--- DIRECTIONS ---
All that is wanted is a word-for-word copy of the line with "Context: All graphs" and every line after it in the data below.
──────── SUPPLIED RECORDS
(* If $G$ is a graph with minimum degree $\delta(G)\ge 2$ and $\beta_0(G)=\Gamma(G)$, then $\beta_0(G)=\Gamma(G)=\Gamma_{\rm cer}(G)$.
   Context: All graphs are finite and simple; $\delta(G)$ is the minimum degree and $\beta_0(G)$ is the maximum cardinality of an independent set of vertices of $G$. A set $D\subseteq V_G$ is a dominating set of $G$ if every vertex of $V_G-D$ has a neighbor in $D$; $\Gamma(G)$ is the maximum cardinality of a minimal (with respect to inclusion) dominating set. A set $D$ is a certified dominating set of $G$ if $D$ is dominating and every vertex of $D$ has either zero or at least two neighbors in $V_G-D$; $\Gamma_{\rm cer}(G)$ is the maximum cardinality of a minimal (with respect to inclusion) certified dominating set. *)

theory Defs
  imports Main
begin

definition simple_graph :: "'a set \<Rightarrow> ('a \<Rightarrow> 'a \<Rightarrow> bool) \<Rightarrow> bool" where
  "simple_graph V E \<longleftrightarrow> finite V \<and> (\<forall>u v. E u v \<longrightarrow> E v u)
     \<and> (\<forall>v. \<not> E v v) \<and> (\<forall>u v. E u v \<longrightarrow> u \<in> V \<and> v \<in> V)"

definition nbhd :: "'a set \<Rightarrow> ('a \<Rightarrow> 'a \<Rightarrow> bool) \<Rightarrow> 'a \<Rightarrow> 'a set" where
  "nbhd V E v = {u \<in> V. E v u}"

definition degree :: "'a set \<Rightarrow> ('a \<Rightarrow> 'a \<Rightarrow> bool) \<Rightarrow> 'a \<Rightarrow> nat" where
  "degree V E v = card (nbhd V E v)"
────────────────
--- SOLUTION TO THIS EXERCISE ---
   Context: All graphs are finite and simple; $\delta(G)$ is the minimum degree and $\beta_0(G)$ is the maximum cardinality of an independent set of vertices of $G$. A set $D\subseteq V_G$ is a dominating set of $G$ if every vertex of $V_G-D$ has a neighbor in $D$; $\Gamma(G)$ is the maximum cardinality of a minimal (with respect to inclusion) dominating set. A set $D$ is a certified dominating set of $G$ if $D$ is dominating and every vertex of $D$ has either zero or at least two neighbors in $V_G-D$; $\Gamma_{\rm cer}(G)$ is the maximum cardinality of a minimal (with respect to inclusion) certified dominating set. *)

theory Defs
  imports Main
begin

definition simple_graph :: "'a set \<Rightarrow> ('a \<Rightarrow> 'a \<Rightarrow> bool) \<Rightarrow> bool" where
  "simple_graph V E \<longleftrightarrow> finite V \<and> (\<forall>u v. E u v \<longrightarrow> E v u)
     \<and> (\<forall>v. \<not> E v v) \<and> (\<forall>u v. E u v \<longrightarrow> u \<in> V \<and> v \<in> V)"

definition nbhd :: "'a set \<Rightarrow> ('a \<Rightarrow> 'a \<Rightarrow> bool) \<Rightarrow> 'a \<Rightarrow> 'a set" where
  "nbhd V E v = {u \<in> V. E v u}"

definition degree :: "'a set \<Rightarrow> ('a \<Rightarrow> 'a \<Rightarrow> bool) \<Rightarrow> 'a \<Rightarrow> nat" where
  "degree V E v = card (nbhd V E v)"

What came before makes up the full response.